The Singer case got most of its attention because two of his clients were Hollywood actors: Lori Loughlin and Felicity Huffman. Though neither takes up much screen time here, Loughlin takes more of a hit, with Smith highlighting her daughter Olivia Jade’s academic failings and including a story of Loughlin’s husband Mossimo Giannulli intimidating Olivia Jade’s college counselor. That the barely mentioned Huffman escapes such attention probably owes more to her story being less gossipy in the details, but it’s hard not to wonder if she was spared due to her own Hollywood “cool kid” status and broader influence within the industry, which would certainly be an irony of ironies.

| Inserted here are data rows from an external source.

lemma sum_norm_ghz_vec:
  assumes "length w = m" "w \<noteq> []" "cmod \<tau> = 1"
  shows "(\<Sum>v\<in>{v. length v = m}. (cmod (ghz_vec w \<tau> v))\<^sup>2) = 1"
proof -
  have "(cmod (ghz_vec w \<tau> v))\<^sup>2 = (if v = w then 1/2 else 0) + (if v = map Not w then 1/2 else 0)" for v
    using map_Not_neq[OF assms(2)] assms(3)
    by (auto simp: ghz_vec_def ket_def norm_divide power_divide)
  then show ?thesis
    using assms(1) by (simp add: sum.distrib finite_list_length)
qed

lemma same_state_phase_ghz_vec_iff:
  assumes "w \<noteq> []" "cmod c = 1"
  shows "same_state (\<lambda>v. c * ghz_vec w \<tau> v) (ghz_vec w \<sigma>) \<longleftrightarrow> \<tau> = \<sigma>"
proof
  assume "same_state (\<lambda>v. c * ghz_vec w \<tau> v) (ghz_vec w \<sigma>)"
  then obtain c' where "(\<lambda>v. c * ghz_vec w \<tau> v) = (\<lambda>v. c' * ghz_vec w \<sigma> v)"
    unfolding same_state_def by blast
  then have "c * ghz_vec w \<tau> v = c' * ghz_vec w \<sigma> v" for v by metis
  from this[of w] this[of "map Not w"] show "\<tau> = \<sigma>"
    using map_Not_neq[OF assms(1)] assms(2) by (auto simp: ghz_vec_def ket_def)
qed (use assms in \<open>auto simp: same_state_def\<close>)

lemma post_state_ghz_vec:
  assumes "length w = n * l"
  shows "post_state n l s is (ghz_vec w \<sigma>) v
           = (joint_state n l s is w v + cnj \<sigma> * joint_state n l s is (map Not w) v)
             / complex_of_real (sqrt 2)"
proof -
  have "cnj (ghz_vec w \<sigma> u) = (ket w u + cnj \<sigma> * ket (map Not w) u) / complex_of_real (sqrt 2)" for u
    by (simp add: ghz_vec_def ket_def)
  then have "post_state n l s is (ghz_vec w \<sigma>) v
      = ((\<Sum>u | length u = n * l. ket w u * joint_state n l s is u v)
         + cnj \<sigma> * (\<Sum>u | length u = n * l. ket (map Not w) u * joint_state n l s is u v))
        / complex_of_real (sqrt 2)"
    unfolding post_state_def
    by (simp add: sum_divide_distrib[symmetric] sum.distrib distrib_right sum_distrib_left mult.assoc)
  then show ?thesis
    using assms by (simp add: sum_ket_mult finite_list_length)
qed

lemma post_state_ghz_vec_multiple:
  assumes fb: "drop l (False # is) = flip_if f (take l (False # is))"
    and "s * s = 1" and "length w = n * l" and "\<sigma> = 1 \<or> \<sigma> = -1"
  obtains K where "post_state n l s is (ghz_vec w \<sigma>) = (\<lambda>v. K * ghz_vec w (\<sigma> * complex_of_real s ^ n) v)"
proof -
  define \<tau> where "\<tau> = \<sigma> * complex_of_real s ^ n"
  define P where "P = graph_amplitude n l s is f w"
  have "complex_of_real s * complex_of_real s = 1"
    by (metis assms(2) of_real_1 of_real_mult)
  then have "\<tau> * \<tau> = 1"
    using assms(4) by (auto simp: \<tau>_def algebra_simps power_mult_distrib[symmetric])
  have "cnj \<sigma> = \<sigma>" using assms(4) by auto
  then have "post_state n l s is (ghz_vec w \<sigma>) v = P * ghz_vec (flip_if f w) \<tau> v" for v
    unfolding post_state_ghz_vec[OF assms(3)] using assms(3)
    by (simp add: joint_state_eq_graph_amplitude[OF fb]
        graph_amplitude_map_Not[OF assms(2)] flip_if_map_Not ghz_vec_def ket_def P_def \<tau>_def
        algebra_simps)
  then have "post_state n l s is (ghz_vec w \<sigma>) = (\<lambda>v. P * ghz_vec (flip_if f w) \<tau> v)"
    by blast
  moreover have "ghz_vec (flip_if f w) \<tau> = (\<lambda>v. (if f then \<tau> else 1) * ghz_vec w \<tau> v)"
    using ghz_vec_map_Not[OF \<open>\<tau> * \<tau> = 1\<close>] by (simp add: flip_if_def)
  ultimately show ?thesis
    using that unfolding \<tau>_def by (metis mult.assoc)
qed

lemma collapsed_state_of_multiple:
  assumes post: "post_state n l s is g = (\<lambda>v. K * ghz_vec w \<tau> v)"
    and "length w = n * l" "w \<noteq> []" "cmod \<tau> = 1"
    and "outcome_prob n l s is g > 0"
  obtains c where "cmod c = 1" "collapsed_state n l s is g = (\<lambda>v. c * ghz_vec w \<tau> v)"
proof -
  have "outcome_prob n l s is g = (cmod K)\<^sup>2"
    using sum_norm_ghz_vec[OF assms(2-4)]
    by (simp add: outcome_prob_def post norm_mult power_mult_distrib sum_distrib_left[symmetric])
  then have "K \<noteq> 0" and "sqrt (outcome_prob n l s is g) = cmod K"
    using assms(5) by auto
  then show ?thesis
    using that[of "K / complex_of_real (cmod K)"]
    by (simp add: collapsed_state_def post norm_divide)
qed

lemma same_state_collapsed_iff:
  assumes "drop l (False # is) = flip_if f (take l (False # is))"
    and "s = 1 \<or> s = -1" and "n * l > 0"
    and "g \<in> ghz_basis (n * l)" and "outcome_prob n l s is g > 0"
  shows "same_state (collapsed_state n l s is g) g \<longleftrightarrow> complex_of_real s ^ n = 1"
proof -
  obtain w \<sigma> where g: "g = ghz_vec w \<sigma>" and w: "length w = n * l" "w \<noteq> []"
    and \<sigma>: "\<sigma> = 1 \<or> \<sigma> = -1"
    using ghz_basisE[OF assms(4,3)] .
  have "s * s = 1" using assms(2) by auto
  obtain K where "post_state n l s is g = (\<lambda>v. K * ghz_vec w (\<sigma> * complex_of_real s ^ n) v)"
    using post_state_ghz_vec_multiple[OF assms(1) \<open>s * s = 1\<close> w(1) \<sigma>] unfolding g .
  moreover have "cmod (\<sigma> * complex_of_real s ^ n) = 1"
    using \<sigma> assms(2) by (auto simp: norm_mult norm_power)
  ultimately obtain c where "cmod c = 1"
    and "collapsed_state n l s is g = (\<lambda>v. c * ghz_vec w (\<sigma> * complex_of_real s ^ n) v)"
    using collapsed_state_of_multiple w assms(5) by blast
  then show ?thesis
    using same_state_phase_ghz_vec_iff[OF w(2)] \<sigma> g by auto
qed

theorem corollary2:
  fixes n l :: nat and s :: real and "is" :: "bool list"
  assumes "n \<ge> 2" and "l \<ge> 1" and "s = 1 \<or> s = -1"
    and "length is = 2 * l - 1"
    and "take l (False # is) = drop l (False # is) \<or>
         take l (False # is) = map Not (drop l (False # is))"
  shows "(s = 1 \<longrightarrow> (\<forall>g\<in>ghz_basis (n * l). outcome_prob n l s is g > 0 \<longrightarrow>
             same_state (collapsed_state n l s is g) g))
       \<and> (s = -1 \<longrightarrow> (\<forall>g\<in>ghz_basis (n * l). outcome_prob n l s is g > 0 \<longrightarrow>
             (same_state (collapsed_state n l s is g) g \<longleftrightarrow> even n)))"
proof -
  obtain f where f: "drop l (False # is) = flip_if f (take l (False # is))"
    using assms(5) by (metis flip_if_def map_Not_map_Not)
  \<comment> \<open>The length of \<open>is\<close> is irrelevant: only the relation between the two halves matters.\<close>
  have "n * l > 0" using assms(1,2) by simp
  note collapse = same_state_collapsed_iff[OF f assms(3) this]
  have "((-1::complex) ^ n = 1) \<longleftrightarrow> even n"
    by (cases "even n") simp_all
  then show ?thesis using collapse by auto
qed

end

The later passages of Operation Varsity Blues move on from the athletic recruitment scheme to elucidate a test cheating scheme, also cooked up by Singer. In the end, it’s everyone but Singer who pays the most, as his cooperation with FBI investigators has allowed him, thus far, to remain free from prosecution. As Fisher puts it, “There aren’t many federal cases where you have 50 people,” most of them Singer’s clients, “indicted for a crime.” As Singer “flipped” on others, the nakedly corrupt colleges and universities took their complicity in stride (denying any conscious wrongdoing, Stanford redistributed Singer’s $770,000 in donations “following recommendations from an outside philanthropic group”). And so money will keep doing the talking, albeit on the hush hush until the next scandal breaks.

[A version of this review first appeared in Palo Alto Weekly.]